§ **Action item**:
Read through the material below and find each line that has the word "symmetric"; copy it.

§ **Provided entries**:

lemma mult_char_times_cnj:
  fixes chi :: "'a::{field,finite} \<Rightarrow> complex"
  assumes "mult_char chi"
  shows "chi x * cnj (chi x) = of_bool (x \<noteq> 0)"
  by (simp add: norm_mult_char_eq[OF assms] flip: complex_norm_square)

lemma mult_char_inverse:
  fixes chi :: "'a::{field,finite} \<Rightarrow> complex"
  assumes "mult_char chi"
  shows "chi (inverse x) = cnj (chi x)"
proof (cases "x = 0")
  case False
  have "chi x * chi (inverse x) = chi 1"
    using False by (simp add: mult_char_mult[OF assms, symmetric])
  then have "chi x * chi (inverse x) = 1"
    using assms by (simp add: mult_char_def)
  moreover have "chi x * cnj (chi x) = 1"
    using mult_char_times_cnj[OF assms, of x] False by simp
  ultimately show ?thesis
    by (metis mult.left_neutral mult.assoc mult.commute)
qed (use assms in \<open>simp add: mult_char_def\<close>)

lemma sum_mult_char:
  fixes chi :: "'a::{field,finite} \<Rightarrow> complex"
  assumes "mult_char chi" and "\<exists>x. x \<noteq> 0 \<and> chi x \<noteq> 1"
  shows "(\<Sum>c\<in>UNIV. chi c) = 0"
proof -
  obtain x where x: "x \<noteq> 0" "chi x \<noteq> 1"
    using assms(2) by blast
  have "(\<Sum>c\<in>UNIV. chi c) = (\<Sum>c\<in>UNIV. chi (x * c))"
    by (rule sum.reindex_bij_witness[of _ "\<lambda>c. x * c" "\<lambda>c. c / x"]) (use x in auto)
  also have "\<dots> = chi x * (\<Sum>c\<in>UNIV. chi c)"
    by (simp add: mult_char_mult[OF assms(1)] sum_distrib_left)
  finally show ?thesis
    using x(2) by (metis mult_cancel_right1 mult.commute)
qed

lemma sum_norm_mult_char_diff:
  fixes chi :: "'a::{field,finite} \<Rightarrow> complex"
  assumes "mult_char chi" and "finite A"
  shows "(\<Sum>(a, b)\<in>A \<times> A. norm (chi (a - b))) = real (card A) * (real (card A) - 1)"
proof -
  have "(\<Sum>b\<in>A. norm (chi (a - b))) = real (card A) - 1" if "a \<in> A" for a
  proof -
    have "(\<Sum>b\<in>A. norm (chi (a - b))) = (\<Sum>b\<in>A - {a}. 1)"
      using assms that by (intro sum.mono_neutral_cong_right)
        (auto simp: norm_mult_char mult_char_def)
    moreover have "card A \<ge> 1"
      using assms(2) that by (metis One_nat_def Suc_leI card_gt_0_iff empty_iff)
    ultimately show ?thesis
      using assms(2) that by (simp add: of_nat_diff)
  qed
  then show ?thesis
    by (simp add: sum.cartesian_product[symmetric])
qed

lemma sum_cnj_mult_char_diff_eq_iff:
  fixes chi :: "'a::{field,finite} \<Rightarrow> complex"
  assumes "mult_char chi" and "finite A"
  shows "(\<Sum>a\<in>A. \<Sum>b\<in>A. cnj (chi (a - b))) = of_real (real (card A) * (real (card A) - 1))
     \<longleftrightarrow> (\<forall>a\<in>A. \<forall>b\<in>A. a \<noteq> b \<longrightarrow> chi (a - b) = 1)"
proof -
  let ?w = "\<lambda>(a, b). cnj (chi (a - b))"
  have w_aligned_iff: "?w (a, b) = of_real (norm (?w (a, b))) * 1 \<longleftrightarrow> (a \<noteq> b \<longrightarrow> chi (a - b) = 1)"
    for a b
    using assms(1) by (cases "a = b") (simp_all add: norm_mult_char mult_char_def)
  have "(\<Sum>a\<in>A. \<Sum>b\<in>A. cnj (chi (a - b))) = (\<Sum>p\<in>A \<times> A. ?w p)"
    by (simp add: sum.cartesian_product)
  moreover have "real (card A) * (real (card A) - 1) = (\<Sum>p\<in>A \<times> A. norm (?w p))"
    using sum_norm_mult_char_diff[OF assms] by (simp add: case_prod_unfold)
  ultimately have "(\<Sum>a\<in>A. \<Sum>b\<in>A. cnj (chi (a - b))) = of_real (real (card A) * (real (card A) - 1))
      \<longleftrightarrow> (\<forall>p\<in>A \<times> A. ?w p = of_real (norm (?w p)) * 1)"
    using sum_eq_sum_norm_times_unit_iff[of "A \<times> A" 1 ?w] assms(2) by simp
  also have "\<dots> \<longleftrightarrow> (\<forall>a\<in>A. \<forall>b\<in>A. a \<noteq> b \<longrightarrow> chi (a - b) = 1)"
    by (simp only: split_paired_Ball_Sigma w_aligned_iff)
  finally show ?thesis .
qed

section \<open>Additive characters\<close>

locale additive_char =
  fixes psi :: "'a::{field,finite} \<Rightarrow> complex"
  assumes psi_add: "psi (x + y) = psi x * psi y"
    and norm_psi: "norm (psi x) = 1"
    and psi_nontrivial: "\<exists>x. psi x \<noteq> 1"
begin

lemma psi_zero: "psi 0 = 1"
proof -
  have "psi 0 * psi 0 = psi 0 * 1"
    using psi_add[of 0 0] by simp
  moreover have "psi 0 \<noteq> 0"
    using norm_psi[of 0] by auto
  ultimately show ?thesis
    by (metis mult_left_cancel)
qed

lemma psi_diff: "psi (x - y) = psi x * cnj (psi y)"
proof -
  have "psi (x - y) * (psi y * cnj (psi y)) = psi x * cnj (psi y)"
    using psi_add[of "x - y" y] by (simp add: mult.assoc)
  then show ?thesis
    using norm_psi[of y] by (simp flip: complex_norm_square)
qed

lemma sum_psi_mult: "(\<Sum>c\<in>UNIV. psi (x * c)) = (if x = 0 then of_nat CARD('a) else 0)"
proof (cases "x = 0")
  case False
  obtain y where y: "psi y \<noteq> 1"
    using psi_nontrivial by blast
  have "(\<Sum>c\<in>UNIV. psi c) = (\<Sum>c\<in>UNIV. psi (c + y))"
    by (rule sum.reindex_bij_witness[of _ "\<lambda>c. c + y" "\<lambda>c. c - y"]) auto
  also have "\<dots> = (\<Sum>c\<in>UNIV. psi c) * psi y"
    by (simp only: psi_add sum_distrib_right)
  finally have "(\<Sum>c\<in>UNIV. psi c) = 0"
    using y by (simp only: mult_cancel_left1) blast
  moreover have "(\<Sum>c\<in>UNIV. psi (x * c)) = (\<Sum>c\<in>UNIV. psi c)"
    by (rule sum.reindex_bij_witness[of _ "\<lambda>c. c / x" "\<lambda>c. x * c"]) (use False in auto)
  ultimately show ?thesis
    using False by simp
qed (simp add: psi_zero)

lemma parseval:
  fixes f :: "'a \<Rightarrow> complex"
  shows "(\<Sum>x\<in>UNIV. (norm (\<Sum>c\<in>UNIV. f c * psi (c * x)))\<^sup>2) = CARD('a) * (\<Sum>c\<in>UNIV. (norm (f c))\<^sup>2)"
proof -
  have expand: "f c * psi (c * x) * cnj (f d * psi (d * x)) = f c * cnj (f d) * psi ((c - d) * x)"
    for c d x
    by (simp add: psi_diff left_diff_distrib)
  have "of_real (\<Sum>x\<in>UNIV. (norm (\<Sum>c\<in>UNIV. f c * psi (c * x)))\<^sup>2)
      = (\<Sum>x\<in>UNIV. \<Sum>c\<in>UNIV. \<Sum>d\<in>UNIV. f c * cnj (f d) * psi ((c - d) * x))"
    by (simp only: of_real_sum complex_norm_square cnj_sum sum_product expand)
  also have "\<dots> = (\<Sum>c\<in>UNIV. \<Sum>x\<in>UNIV. \<Sum>d\<in>UNIV. f c * cnj (f d) * psi ((c - d) * x))"
    by (rule sum.swap)
  also have "\<dots> = (\<Sum>c\<in>UNIV. \<Sum>d\<in>UNIV. \<Sum>x\<in>UNIV. f c * cnj (f d) * psi ((c - d) * x))"
    by (rule sum.cong[OF refl], rule sum.swap)
  also have "\<dots> = (\<Sum>c\<in>UNIV. \<Sum>d\<in>UNIV. f c * cnj (f d) * (\<Sum>x\<in>UNIV. psi ((c - d) * x)))"
    by (simp add: sum_distrib_left)
  also have "\<dots> = (\<Sum>c\<in>UNIV. \<Sum>d\<in>UNIV. if d = c then of_nat CARD('a) * (f c * cnj (f c)) else 0)"
    by (intro sum.cong refl) (simp add: sum_psi_mult)
  also have "\<dots> = of_nat CARD('a) * (\<Sum>c\<in>UNIV. f c * cnj (f c))"
    by (simp add: sum_distrib_left)
  also have "\<dots> = of_real (CARD('a) * (\<Sum>c\<in>UNIV. (norm (f c))\<^sup>2))"
    by (simp only: of_real_mult of_real_of_nat_eq of_real_sum complex_norm_square)
  finally show ?thesis
    by (simp only: of_real_eq_iff)
qed

lemma twisted_gauss_sum:
  assumes "mult_char chi" and "\<exists>x. x \<noteq> 0 \<and> chi x \<noteq> 1"
  shows "(\<Sum>c\<in>UNIV. chi c * psi (c * x)) = cnj (chi x) * (\<Sum>c\<in>UNIV. chi c * psi c)"
proof (cases "x = 0")
  case True
  then show ?thesis
    using assms by (simp add: psi_zero sum_mult_char mult_char_def)
next
  case False
  have "(\<Sum>c\<in>UNIV. chi c * psi (c * x)) = (\<Sum>c\<in>UNIV. chi (c * inverse x) * psi c)"
    by (rule sum.reindex_bij_witness[of _ "\<lambda>c. c * inverse x" "\<lambda>c. c * x"])
      (use False in \<open>auto simp: mult.assoc\<close>)
  then show ?thesis
    by (simp add: mult_char_mult[OF assms(1)] mult_char_inverse[OF assms(1)] sum_distrib_left
        mult_ac)
qed

lemma norm_gauss_sum:
  assumes "mult_char chi" and "\<exists>x. x \<noteq> 0 \<and> chi x \<noteq> 1"
  shows "(norm (\<Sum>c\<in>UNIV. chi c * psi c))\<^sup>2 = CARD('a)"
proof -
  let ?G = "\<Sum>c\<in>UNIV. chi c * psi c"
  have "(norm (chi x))\<^sup>2 = of_bool (x \<noteq> 0)" for x
    using assms(1) by (simp add: norm_mult_char_eq)
  then have "(\<Sum>x\<in>UNIV. (norm (chi x))\<^sup>2) = real (CARD('a) - 1)"
    by (simp add: Collect_neg_eq Compl_eq_Diff_UNIV card_Diff_singleton)
  moreover have "(\<Sum>x\<in>UNIV. (norm (chi x))\<^sup>2 * (norm ?G)\<^sup>2) = CARD('a) * (\<Sum>c\<in>UNIV. (norm (chi c))\<^sup>2)"
    using parseval[of chi] by (simp add: twisted_gauss_sum[OF assms] norm_mult power_mult_distrib)
  ultimately have "real (CARD('a) - 1) * (norm ?G)\<^sup>2 = real (CARD('a) - 1) * CARD('a)"
    by (simp add: mult.commute flip: sum_distrib_right)
  then show ?thesis
    using CARD_field_gt_1[where 'a='a] by simp
qed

§ **Expected output**:
    using False by (simp add: mult_char_mult[OF assms, symmetric])
    by (simp add: sum.cartesian_product[symmetric])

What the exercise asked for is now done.